Сырник метнулся вниз, и покрутив в руках бутылку,
– Я знаю ты в это не веришь, но тут к гадалке не ходи, да и волхвы сразу скажут.
– Ярик, нет!
– Проклят, паскуда, наш певчий, проклят, что твой пень.
Глава 13
Форточка небольшого окна мелодично захлопала, когда снаружи поднялся сильный ветер. За столом кабацкой удобно устроились все гости вместе с владельцем и старостой. Балдур сидел рядом с Мирой, а Дэйна и Ярик по бокам. Напротив них, словно на допросе расположились местный кабачник и староста деревни.
Сырник, в своей манере, сидел на столе, и сложив руки на груди, надменно наблюдал за людьми. Для своего роста и габаритов смелости ему было не отбавлять, особенно когда рядом с ним полный отряд сопровождения Красного Стервятника.
– Ну, рассказывайте всё что знаете.
Мира исполняла роль экзекутора, прокурора и дознавателя в одном лице. После короткого разговора с Балдуром, она без особых усилий убедила его, что человеку не хватит тактичности и знаний человеческой психологии для успешного разговора. Стервятник поморщился, но спорить не стал.

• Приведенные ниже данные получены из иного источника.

(* Let $A_1,\ldots,A_N$ be rank-deficient real matrices, each with columns of Euclidean norm $1$. Then \[ \mathrm{spark}(A_1\otimes\cdots\otimes A_N)=\min_{1\le i\le N}\mathrm{spark}(A_i). \]
   Context: $\otimes$ denotes the Kronecker product: for $A\in\mathbb{R}^{p,q}$, $B\in\mathbb{R}^{r,s}$, $A\otimes B\in\mathbb{R}^{pr,qs}$ is the block matrix with $(i,j)$ block $a_{i,j}B$. A matrix is rank-deficient if its rank is less than the minimum of its numbers of rows and columns. The spark of a matrix whose columns are linearly dependent is the smallest cardinality of a linearly dependent subset of its columns. *)

theory Defs
  imports "Jordan_Normal_Form.DL_Rank"
begin

definition kron :: "real mat \<Rightarrow> real mat \<Rightarrow> real mat" where
  "kron A B = mat (dim_row A * dim_row B) (dim_col A * dim_col B)
     (\<lambda>(i, j). A $$ (i div dim_row B, j div dim_col B) * B $$ (i mod dim_row B, j mod dim_col B))"

fun kron_list :: "real mat list \<Rightarrow> real mat" where
  "kron_list [] = 1\<^sub>m 1"
| "kron_list [A] = A"
| "kron_list (A # B # As) = kron A (kron_list (B # As))"

text \<open>A set J of column indices is linearly dependent (columns indexed, so repeated columns count separately).\<close>
definition cols_dependent :: "real mat \<Rightarrow> nat set \<Rightarrow> bool" where
  "cols_dependent A J \<longleftrightarrow> J \<subseteq> {..<dim_col A} \<and>
     (\<exists>c :: nat \<Rightarrow> real. (\<exists>j\<in>J. c j \<noteq> 0) \<and>
        (\<forall>i<dim_row A. (\<Sum>j\<in>J. c j * A $$ (i, j)) = 0))"

definition spark :: "real mat \<Rightarrow> nat" where
  "spark A = (LEAST k. \<exists>J. cols_dependent A J \<and> card J = k)"

definition rank_deficient :: "real mat \<Rightarrow> bool" where
  "rank_deficient A \<longleftrightarrow> vec_space.rank (dim_row A) A < min (dim_row A) (dim_col A)"

definition unit_norm_cols :: "real mat \<Rightarrow> bool" where
  "unit_norm_cols A \<longleftrightarrow> (\<forall>j<dim_col A. sqrt (\<Sum>i<dim_row A. (A $$ (i, j))\<^sup>2) = 1)"

end

theory Submission
  imports Defs
begin

text \<open>
  Index the columns of \<open>A \<otimes> B\<close> by pairs \<open>(j, k)\<close>. A vanishing combination with
  coefficients \<open>X j k\<close> is the identity \<open>A X B\<^sup>T = 0\<close>. If \<open>A X \<noteq> 0\<close>, a nonzero row of
  \<open>A X\<close> is a dependence among the columns of \<open>B\<close> whose support lies in the projection of
  the support of \<open>X\<close>; if \<open>A X = 0\<close>, a nonzero column of \<open>X\<close> is a dependence among the
  columns of \<open>A\<close>. Either way the support of \<open>X\<close> has at least
  \<open>min (spark A) (spark B)\<close> elements. Conversely a minimal dependence of \<open>A\<close> (of \<open>B\<close>)
  lifts to one of \<open>A \<otimes> B\<close> by tensoring with a standard basis vector, so equality
  holds, and induction over the list of factors gives the theorem.
\<close>

lemma sum_lessThan_mult:
  fixes g :: "nat \<Rightarrow> 'a::comm_monoid_add"
  shows "(\<Sum>x<p * q. g x) = (\<Sum>j<p. \<Sum>k<q. g (j * q + k))"
  by (simp add: sum.nat_group[symmetric] sum.shift_bounds_nat_ivl[where m=0, simplified]
      atLeast0LessThan add.commute)

lemma spark_le_card: "cols_dependent A J \<Longrightarrow> spark A \<le> card J"
  unfolding spark_def by (rule Least_le) blast

lemma spark_attained: "cols_dependent A J \<Longrightarrow> \<exists>J0. cols_dependent A J0 \<and> card J0 = spark A"
  unfolding spark_def by (rule LeastI_ex) blast

lemma cols_dependent_support:
  assumes null: "\<And>i. i < dim_row A \<Longrightarrow> (\<Sum>j<dim_col A. v j * A $$ (i, j)) = 0"
    and "j0 < dim_col A" "v j0 \<noteq> 0"
  shows "cols_dependent A {j. j < dim_col A \<and> v j \<noteq> 0}"
  unfolding cols_dependent_def
proof (intro conjI exI[of _ v] allI impI)
  fix i assume "i < dim_row A"
  have "(\<Sum>j\<in>{j. j < dim_col A \<and> v j \<noteq> 0}. v j * A $$ (i, j)) = (\<Sum>j<dim_col A. v j * A $$ (i, j))"
    by (intro sum.mono_neutral_left) auto
  with null \<open>i < dim_row A\<close> show "(\<Sum>j\<in>{j. j < dim_col A \<and> v j \<noteq> 0}. v j * A $$ (i, j)) = 0"
    by simp
qed (use assms in auto)

lemma spark_le_card_support:
  assumes "\<And>i. i < dim_row A \<Longrightarrow> (\<Sum>j<dim_col A. v j * A $$ (i, j)) = 0"
    and "j0 < dim_col A" "v j0 \<noteq> 0"
  shows "spark A \<le> card {j. j < dim_col A \<and> v j \<noteq> 0}"
  using spark_le_card[OF cols_dependent_support[OF assms]] .
(* Let $\mathcal{X},\mathcal{Y}$ be finite, $P_{\bar X}$ an $m$-type on $\mathcal{X}$, $P_{Y|X}$ a channel, $P_{\bar XY}=P_{\bar X}P_{Y|X}$ with output $P_Y$, and $R>I(P_{\bar X},P_{Y|X})>0$. For a channel $Q_{Y|X}$ write $Q_Y=\sum_xP_{\bar X}(x)Q_{Y|X}(\cdot|x)$ and define \[ \aleph(R,P_{\bar X},P_{Y|X})=\min_{Q_{Y|X}}\Big\{D(P_{\bar X}Q_{Y|X}\|P_{\bar XY})+\tfrac12\big[R-D(P_{\bar X}Q_{Y|X}\|P_{\bar X}Q_Y)\big]_+\Big\}, \] \[ \beth(R,P_{\bar X},P_{Y|X})=\min_{Q_{Y|X}}\Big\{D(P_{\bar X}Q_{Y|X}\|P_{\bar XY})+\big[R-G(Q_{Y|X}\|P_{Y|X}|P_{\bar X})\big]_+\Big\}, \] where, with $(\bar X,\widetilde Y)\sim P_{\bar X}Q_{Y|X}$, \[ G(Q_{Y|X}\|P_{Y|X}|P_{\bar X})=H(Q_Y)-\mathbb{E}\big[\imath_{P_{Y|X}}(\widetilde Y|\bar X)\big]+\min_{R_{Y|X}:\ \sum_xP_{\bar X}(x)R_{Y|X}(\cdot|x)=Q_Y}D(P_{\bar X}R_{Y|X}\|P_{\bar XY}). \] Then $\aleph(R,P_{\bar X},P_{Y|X})\ge\frac12\beth(R,P_{\bar X},P_{Y|X})$.
   Context: All minima over $Q_{Y|X}$, $R_{Y|X}$ range over channels from $\mathcal{X}$ to $\mathcal{Y}$. $[f]_+=\max\{0,f\}$, $D$ is relative entropy, $H$ is entropy, $\imath_{P_{Y|X}}(y|x)=\log\frac1{P_{Y|X}(y|x)}$. An $m$-type is a distribution with probabilities in $\{0,1/m,\dots,1\}$. *)

theory Defs
  imports Complex_Main "HOL-Library.Extended_Real"
begin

– Нечего добавить больше, госпожа колдунья. Всё было, как и сказал, как и просили: окна заколотил, на двери замок повесил, самолично ходил каждый час смотрел и проверял на месте ли всё, али не выломал кто. Под утро меня сморило токмо, прикорнул чуток, чтобы силы все не истратить. Эт самое, но я тогда позволил себе, ибо видал, что воительница-колдунья златовласая решила подсобить мне, и сама устроилась у двери.
– Эх как завернул, хоть в басню лей! Воительница-Колдунья златовласая! А, Дэйна?

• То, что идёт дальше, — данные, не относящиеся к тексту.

(* Let $E$ be an Archimedean vector lattice and suppose $(J_n)_{n\in\mathbb N}$ are uniformly closed ideals of $E$ such that the quotient vector lattice $E/J_n$ has the countable sup property for each $n$. If $\bigcap_{n=1}^\infty J_n=\{0\}$, then $E$ has the countable sup property.
   Context: An ideal $J$ of $E$ is uniformly closed if it is closed under relatively uniform limits (limits $x_k\to x$ for which there is $u\ge0$ and $\varepsilon_k\to0$ with $|x_k-x|\le\varepsilon_k u$). A vector lattice has the countable sup property if every nonempty subset possessing a supremum contains a countable subset with the same supremum. *)

theory Defs
  imports "HOL-Analysis.Analysis"
begin

definition vabs :: "'a::{ordered_real_vector, lattice} \<Rightarrow> 'a" where
  "vabs x = sup x (- x)"

definition archimedean_vl :: "'a::{ordered_real_vector, lattice} itself \<Rightarrow> bool" where
  "archimedean_vl _ \<longleftrightarrow>
     (\<forall>x y :: 'a. 0 \<le> x \<longrightarrow> (\<forall>n::nat. of_nat n *\<^sub>R x \<le> y) \<longrightarrow> x = 0)"

definition vl_ideal :: "'a::{ordered_real_vector, lattice} set \<Rightarrow> bool" where
  "vl_ideal J \<longleftrightarrow> 0 \<in> J \<and> (\<forall>x\<in>J. \<forall>y\<in>J. x + y \<in> J) \<and>
     (\<forall>c x. x \<in> J \<longrightarrow> c *\<^sub>R x \<in> J) \<and>
     (\<forall>x\<in>J. \<forall>y. vabs y \<le> vabs x \<longrightarrow> y \<in> J)"

definition uniformly_closed :: "'a::{ordered_real_vector, lattice} set \<Rightarrow> bool" where
  "uniformly_closed J \<longleftrightarrow>
     (\<forall>(xs::nat \<Rightarrow> 'a) x u (eps::nat \<Rightarrow> real).
        (\<forall>k. xs k \<in> J) \<and> 0 \<le> u \<and> eps \<longlonglongrightarrow> 0 \<and>
        (\<forall>k. vabs (xs k - x) \<le> eps k *\<^sub>R u) \<longrightarrow> x \<in> J)"

definition is_sup_wrt :: "('a \<Rightarrow> 'a \<Rightarrow> bool) \<Rightarrow> 'a set \<Rightarrow> 'a \<Rightarrow> bool" where
  "is_sup_wrt le A s \<longleftrightarrow> (\<forall>a\<in>A. le a s) \<and> (\<forall>u. (\<forall>a\<in>A. le a u) \<longrightarrow> le s u)"

definition countable_sup_property_wrt :: "('a \<Rightarrow> 'a \<Rightarrow> bool) \<Rightarrow> bool" where
  "countable_sup_property_wrt le \<longleftrightarrow>
     (\<forall>A s. A \<noteq> {} \<and> is_sup_wrt le A s \<longrightarrow>
        (\<exists>B. B \<subseteq> A \<and> countable B \<and> is_sup_wrt le B s))"

definition countable_sup_property :: "'a::{ordered_real_vector, lattice} itself \<Rightarrow> bool" where
  "countable_sup_property _ \<longleftrightarrow> countable_sup_property_wrt ((\<le>) :: 'a \<Rightarrow> 'a \<Rightarrow> bool)"

text \<open>Order of the quotient vector lattice E/J, expressed on representatives:
  [x] \<le> [y] iff x \<le> y + j for some j in J.\<close>
definition quot_le :: "'a::{ordered_real_vector, lattice} set \<Rightarrow> 'a \<Rightarrow> 'a \<Rightarrow> bool" where
  "quot_le J x y \<longleftrightarrow> (\<exists>j\<in>J. x \<le> y + j)"

text \<open>E/J has the countable sup property (subsets of E/J represented by sets of
  representatives; suprema are taken in the quotient order).\<close>
definition quotient_countable_sup_property :: "'a::{ordered_real_vector, lattice} set \<Rightarrow> bool" where
  "quotient_countable_sup_property J \<longleftrightarrow> countable_sup_property_wrt (quot_le J)"

end

theory Submission
  imports Defs "HOL-Library.Lattice_Algebras"
begin

(* First, in an Archimedean vector lattice the countable sup property follows
   once every order bounded disjoint system of positive elements is countable: if s = sup A and
   d = s - a0, then for each m a maximal disjoint system below the elements (d - m(s - a))^+,
   a in A, is countable, and the countably many a it uses form a set B whose upper bounds w
   satisfy m(s - w)^+ <= d for every m, hence w >= s.
   Second, such a system M in [0,u] is countable: every x in M lies outside some J_n, and
   modulo a single J only countably many x in M survive. Indeed the truncations u \<and> kx,
   together with the elements of [0,u] disjoint from M modulo J, have supremum [u] in E/J;
   a countable subfamily has the same supremum, and a truncation u \<and> kx is disjoint from
   every element of M other than x. *)

(* Every vector lattice is a lattice-ordered group; note that this also adds the simp rules of
   Lattice_Algebras rewriting - inf, - sup, a - inf and a - sup. *)
interpretation vl: lattice_ab_group_add "(+)" "0::'a::{ordered_real_vector, lattice}" "(-)"
  uminus "(\<le>)" "(<)" inf sup
  by unfold_locales

subsection \<open>Arithmetic in vector lattices\<close>

lemma scaleR_sup_distrib_nonneg:
  fixes a b :: "'a::{ordered_real_vector, lattice}"
  assumes "0 \<le> c"
  shows "c *\<^sub>R sup a b = sup (c *\<^sub>R a) (c *\<^sub>R b)"
proof (cases "c = 0")
  case False
  with assms have c: "0 < c" by simp
  let ?S = "sup (c *\<^sub>R a) (c *\<^sub>R b)"
  have le_iff: "c *\<^sub>R x \<le> ?S \<longleftrightarrow> x \<le> inverse c *\<^sub>R ?S" for x
    using scaleR_le_cancel_left_pos[OF c, of x "inverse c *\<^sub>R ?S"] c by simp
  have "a \<le> inverse c *\<^sub>R ?S" "b \<le> inverse c *\<^sub>R ?S"
    by (simp_all only: le_iff[symmetric]) simp_all
  then have "c *\<^sub>R sup a b \<le> ?S"
    unfolding le_iff by (rule sup_least)
  moreover have "?S \<le> c *\<^sub>R sup a b"
    using assms by (simp add: scaleR_left_mono)
  ultimately show ?thesis by (rule antisym)
qed simp

lemma scaleR_inf_distrib_nonneg:
  fixes a b :: "'a::{ordered_real_vector, lattice}"
  assumes "0 \<le> c"
  shows "c *\<^sub>R inf a b = inf (c *\<^sub>R a) (c *\<^sub>R b)"
proof -
  have "c *\<^sub>R inf a b = c *\<^sub>R - sup (- a) (- b)"
    by (subst vl.inf_eq_neg_sup) (rule refl)
  also have "\<dots> = - sup (c *\<^sub>R - a) (c *\<^sub>R - b)"
    using scaleR_sup_distrib_nonneg[OF assms, of "- a" "- b"] by (simp only: scaleR_minus_right)
  finally show ?thesis by simp
qed

lemma diff_inf_eq_pos_diff: "(u::'a::{ordered_real_vector, lattice}) - inf u y = sup (u - y) 0"
  by (simp add: vl.diff_inf_eq_sup vl.add_sup_distrib_left sup_commute)

lemma pos_part_add_neg_part: "sup (w::'a::{ordered_real_vector, lattice}) 0 = w + sup (- w) 0"
  by (simp add: vl.add_sup_distrib_left sup_commute)

lemma inf_pos_part_neg_part: "inf (sup (x::'a::{ordered_real_vector, lattice}) 0) (sup (- x) 0) = 0"
proof -
  let ?P = "sup x 0" and ?N = "sup (- x) 0"
  have "?P - ?N = x"
    unfolding pos_part_add_neg_part[of x] by (rule add_diff_cancel_right')
  have "?P - inf ?P ?N = sup (?P - ?N) 0"
    by (rule diff_inf_eq_pos_diff)
  also have "\<dots> = ?P"
    using \<open>?P - ?N = x\<close> by simp
  finally show ?thesis by (metis add_cancel_right_right diff_add_cancel)
qed

lemma inf_add_le_add_inf:
  fixes a b c :: "'a::{ordered_real_vector, lattice}"
  assumes "0 \<le> a" "0 \<le> b" "0 \<le> c"
  shows "inf a (b + c) \<le> inf a b + inf a c"
proof -
  let ?p = "inf a (b + c)"
  have "?p - inf a b = sup (?p - a) (?p - b)"
    by (simp add: vl.diff_inf_eq_sup vl.add_sup_distrib_left)
  also have "\<dots> \<le> c"
  proof (rule sup_least)
    have "?p - a \<le> 0" by simp
    then show "?p - a \<le> c" using assms(3) by (rule order.trans)
    have "?p \<le> c + b" using inf_le2[of a "b + c"] by (simp only: add.commute)
    then show "?p - b \<le> c" by (simp only: diff_le_eq)
  qed
  finally have "?p - inf a b \<le> c" .
  moreover have "?p \<le> a + inf a b"
    using assms by (simp add: add_increasing2)
  then have "?p - inf a b \<le> a"
    by (simp only: diff_le_eq)
  ultimately have "?p - inf a b \<le> inf a c" by (intro le_infI)
  then show ?thesis by (simp only: diff_le_eq add.commute)
qed

lemma inf_scaleR_le_scaleR_inf:
  fixes a b :: "'a::{ordered_real_vector, lattice}"
  assumes "0 \<le> a" "0 \<le> b" "0 \<le> c"
  shows "inf (c *\<^sub>R a) b \<le> max 1 c *\<^sub>R inf a b"
proof -
  have "inf (c *\<^sub>R a) b \<le> inf (max 1 c *\<^sub>R a) (max 1 c *\<^sub>R b)"
    using assms scaleR_right_mono[of c "max 1 c" a] scaleR_right_mono[of 1 "max 1 c" b]
    by (simp add: le_infI1 le_infI2 inf_mono)
  also have "\<dots> = max 1 c *\<^sub>R inf a b"
    by (simp add: scaleR_inf_distrib_nonneg)
  finally show ?thesis .
qed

Она никак не ответила на слова Ярика, но на её щеках порозовел легкий румянец.
– Ну дык эта самое! Воительница видно сразу, щит и меч носит не хуже мужичья, чарам обучена – значит колдунья, да и красотой златовласой сражает, что бочка ржаной.
Кабачник явно искал расположения Дэйны и уже не первый раз осыпал её комплиментами. Она видом давала понять, что не в полном восторге от слов, однако так и ни разу не перебила владельца «Крота», когда тот изливал свои речи.
– Тогда как наш певчий то ужрался вновь, что лыка не вяжет, да еще и водкой полисовской? У нас таких не водится! 3/4 негодовал Старик.
– Это всё она! Она свои козни строит, ибо не ублажали мы её, забыли совсем, не боимся больше, а стоит! Стоит боятся её гнева пучинного!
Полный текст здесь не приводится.